• In a bouquet, use foliage from flowers such as tulips.
• Set out several small, identical bouquets on a table.
• Pin a flower or small bunch onto the back of each chair.
• If your table is large, place one big bouquet (no more than 12 inches/30 centimetres high) in the centre and then arrange smaller bouquets all around the table.
• Display tall arrangements on serving or buffet tables.
• Avoid heavily scented flowers, which interfere with the aromas of food and wine.
• To ensure visual symmetry, avoid placing round arrangements on rectangular tables and, conversely, square or rectangular arrangements on round tables.
Catherine Guilloteau makes sense of the formal table.

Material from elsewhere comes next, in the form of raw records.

lemma sets_S: "S \<in> sets m"
proof -
  have "{g \<in> SLd. lat g \<in> S} = (\<Union>z\<in>{z\<in>Zvecs. z \<noteq> 0 \<and> (\<forall>c. c *\<^sub>R z \<in> Zvecs \<longrightarrow> c \<in> \<int>)}.
      SLd \<inter> {g \<in> space borel. g *v z \<in> L})"
  proof -
    have "lat g \<in> S \<longleftrightarrow> (\<exists>z\<in>Zvecs. z \<noteq> 0 \<and> (\<forall>c. c *\<^sub>R z \<in> Zvecs \<longrightarrow> c \<in> \<int>) \<and> g *v z \<in> L)"
      if g: "g \<in> SLd" for g
    proof
      assume "lat g \<in> S"
      then obtain v where v: "primitive (lat g) v" "v \<in> L"
        by (auto simp: S_eps_def)
      moreover obtain z where "z \<in> Zvecs" "v = g *v z"
        using v(1) by (auto simp: primitive_def lat_def)
      ultimately show "\<exists>z\<in>Zvecs. z \<noteq> 0 \<and> (\<forall>c. c *\<^sub>R z \<in> Zvecs \<longrightarrow> c \<in> \<int>) \<and> g *v z \<in> L"
        using primitive_lat_iff[OF g] by auto
    next
      assume "\<exists>z\<in>Zvecs. z \<noteq> 0 \<and> (\<forall>c. c *\<^sub>R z \<in> Zvecs \<longrightarrow> c \<in> \<int>) \<and> g *v z \<in> L"
      then show "lat g \<in> S"
        using primitive_lat_iff[OF g] g by (auto simp: S_eps_def Xd_def)
    qed
    then show ?thesis
      by auto
  qed
  also have "\<dots> \<in> sets borel"
  proof (intro sets.countable_UN'' countable_subset[OF _ countable_Zvecs])
    fix z :: "real^'n"
    show "SLd \<inter> {g \<in> space borel. g *v z \<in> L} \<in> sets borel"
      using sets_L sets_SLd by measurable
  qed auto
  finally show ?thesis
    using S_subset_Xd by (simp add: sets_m_iff)
qed

definition returns_within :: "real \<Rightarrow> (real^'n) set set" where
  "returns_within \<sigma> =
     {X \<in> S. \<exists>u. (\<forall>i<D. \<bar>u i\<bar> \<le> \<sigma>) \<and> (\<exists>i<D. u i \<noteq> 0) \<and> lat_act (a u) X \<in> S}"

lemma returns_within_mono: "\<sigma> \<le> \<sigma>' \<Longrightarrow> returns_within \<sigma> \<subseteq> returns_within \<sigma>'"
  unfolding returns_within_def by (blast intro: order_trans)

lemma sets_returns_within: "returns_within \<sigma> \<in> sets m"
proof -
  define J where "J = (\<Pi>\<^sub>E j\<in>{..<D}. {-\<sigma>..\<sigma>}) - (\<Pi>\<^sub>E j\<in>{..<D}. {0})"
  define I where "I = {t. restrict t {..<D} \<in> J}"
  have I_iff: "t \<in> I \<longleftrightarrow> (\<forall>j<D. \<bar>t j\<bar> \<le> \<sigma>) \<and> (\<exists>j<D. t j \<noteq> 0)" for t
    by (simp only: I_def J_def mem_Collect_eq Diff_iff restrict_PiE_iff) (force simp: abs_le_iff)
  have "returns_within \<sigma> = S \<inter> orb I S"
  proof (intro set_eqI iffI)
    fix X assume "X \<in> returns_within \<sigma>"
    then obtain u where "X \<in> S" "(\<lambda>i. - u i) \<in> I" "lat_act (a u) X \<in> S"
      unfolding returns_within_def I_iff by auto
    then have "lat_act (a (\<lambda>i. - u i)) (lat_act (a u) X) \<in> orb I S"
      by (intro orbit_setI)
    then show "X \<in> S \<inter> orb I S"
      using \<open>X \<in> S\<close> by (simp add: lat_act_a_uminus)
  next
    fix X assume "X \<in> S \<inter> orb I S"
    then obtain t Y where "X \<in> S" "t \<in> I" "Y \<in> S" "X = lat_act (a t) Y"
      by (auto elim: orbit_setE)
    then show "X \<in> returns_within \<sigma>"
      unfolding returns_within_def I_iff
      by (intro CollectI conjI exI[of _ "\<lambda>i. - t i"]) (auto simp: lat_act_a_uminus)
  qed
  moreover have "J \<in> sets (Pi\<^sub>M {..<D} (\<lambda>_. borel))"
    unfolding J_def by (intro sets.Diff sets_PiM_I_finite) auto
  ultimately show ?thesis
    using sets_orbit_set[OF sets_S order_refl] sets_S by (simp add: I_def)
qed

lemma orbit_set_Icube_disjoint:
  assumes C: "C \<subseteq> S - returns_within \<sigma>" "C' \<subseteq> S" "C \<inter> C' = {}" and \<tau>: "\<tau> \<le> \<sigma>"
  shows "orb (Icube k r \<tau>) C \<inter> orb (Icube k r \<tau>) C' = {}"
proof (rule ccontr)
  assume "orb (Icube k r \<tau>) C \<inter> orb (Icube k r \<tau>) C' \<noteq> {}"
  then obtain t Y t' Y' where t: "t \<in> Icube k r \<tau>" "Y \<in> C" and t': "t' \<in> Icube k r \<tau>" "Y' \<in> C'"
    and eq: "lat_act (a t) Y = lat_act (a t') Y'"
    by (auto simp: orbit_set_def)
  define u where "u = (\<lambda>i. t i - t' i)"
  have "lat_act (a u) Y = lat_act (a (\<lambda>i. - t' i)) (lat_act (a t) Y)"
    by (simp add: lat_act_lat_act a_mat_mult u_def)
  then have Y': "lat_act (a u) Y = Y'"
    by (simp add: eq lat_act_a_uminus)
  show False
  proof (cases "\<exists>i<D. u i \<noteq> 0")
    case True
    have "\<bar>u i\<bar> \<le> \<sigma>" if "i < D" for i
    proof -
      have "0 \<le> t i" "t i \<le> \<tau>" "0 \<le> t' i" "t' i \<le> \<tau>"
        using that t(1) t'(1) by (auto simp: Icube_def)
      then show ?thesis
        using \<tau> unfolding u_def abs_le_iff by linarith
    qed
    then have "Y \<in> returns_within \<sigma>"
      using True Y' t(2) t'(2) C by (auto simp: returns_within_def)
    then show False
      using t(2) C(1) by blast
  next
    case False
    then have "a u = a (\<lambda>_. 0)"
      by (intro a_cong) auto
    then have "Y' = Y"
      using Y' by (simp add: a_mat_zero lat_act_mat_1)
    then show False
      using t(2) t'(2) C(3) by blast
  qed
qed

definition cube_at :: "(nat \<Rightarrow> real) \<Rightarrow> real \<Rightarrow> (nat \<Rightarrow> real) set" where
  "cube_at c s = {t. \<forall>i<D. c i \<le> t i \<and> t i \<le> c i + s}"

lemma sets_orbit_cube_at:
  assumes "C \<in> sets m" "C \<subseteq> S"
  shows "orb (cube_at c s) C \<in> sets m"
proof -
  have "cube_at c s = {t. restrict t {..<D} \<in> (\<Pi>\<^sub>E i\<in>{..<D}. {c i .. c i + s})}"
    by (auto simp: cube_at_def PiE_iff)
  then show ?thesis
    by (simp only:) (intro sets_orbit_set[OF assms] sets_PiM_I_finite; simp)
qed

lemma Icube_eq_cube_at: "Icube k r s = cube_at (\<lambda>_. 0) s"
  by (simp add: Icube_def cube_at_def)

lemma sets_orbit_Icube: "C \<in> sets m \<Longrightarrow> C \<subseteq> S \<Longrightarrow> orb (Icube k r s) C \<in> sets m"
  unfolding Icube_eq_cube_at by (rule sets_orbit_cube_at)

lemma orbit_cube_at_eq_image: "orb (cube_at c s) C = lat_act (a c) ` orb (Icube k r s) C"
proof (intro set_eqI iffI)
  fix X assume "X \<in> orb (cube_at c s) C"
  then obtain t Y where t: "t \<in> cube_at c s" "Y \<in> C" "X = lat_act (a t) Y"
    by (rule orbit_setE)
  have "(\<lambda>i. t i - c i) \<in> Icube k r s"
    using t(1) by (auto simp: cube_at_def Icube_def)
  then have "lat_act (a (\<lambda>i. t i - c i)) Y \<in> orb (Icube k r s) C"
    using t(2) by (rule orbit_setI)
  moreover have "X = lat_act (a c) (lat_act (a (\<lambda>i. t i - c i)) Y)"
    using t(3) by (simp add: lat_act_lat_act a_mat_mult)
  ultimately show "X \<in> lat_act (a c) ` orb (Icube k r s) C"
    by blast
next
  fix X assume "X \<in> lat_act (a c) ` orb (Icube k r s) C"
  then obtain t Y where t: "t \<in> Icube k r s" "Y \<in> C" "X = lat_act (a c) (lat_act (a t) Y)"
    by (auto elim: orbit_setE)
  have "(\<lambda>i. c i + t i) \<in> cube_at c s"
    using t(1) by (auto simp: cube_at_def Icube_def)
  then show "X \<in> orb (cube_at c s) C"
    using t(2,3) orbit_setI by (fastforce simp: lat_act_lat_act a_mat_mult)
qed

• If forks are arranged in the French manner, with the tines turned down, don't use a delicate tablecloth or one with eyelets.
• For a formal or semi-formal reception, put out a fork for the appetizer, a second one for salad and a third for the main course, along with a knife for the main course and a butter knife. Arrange them in the order of use, starting from the outside and working in. Don't put more than three utensils on each side. You want to make your guests feel welcome, not scare them with an overwhelming amount of cutlery.
• Cheese and dessert forks don't generally appear on the table during a formal dinner. Bring them out with the cheese plate or dessert.
• If you put out a single fork and knife per guest and you serve fish as a first course, change the cutlery for subsequent meat courses.
• Lettuce should not be cut with a knife, though you can use one to fold it.
• Silver washes well in a dishwasher; however, be careful not to mix it with stainless steel. Wash them in separate baskets.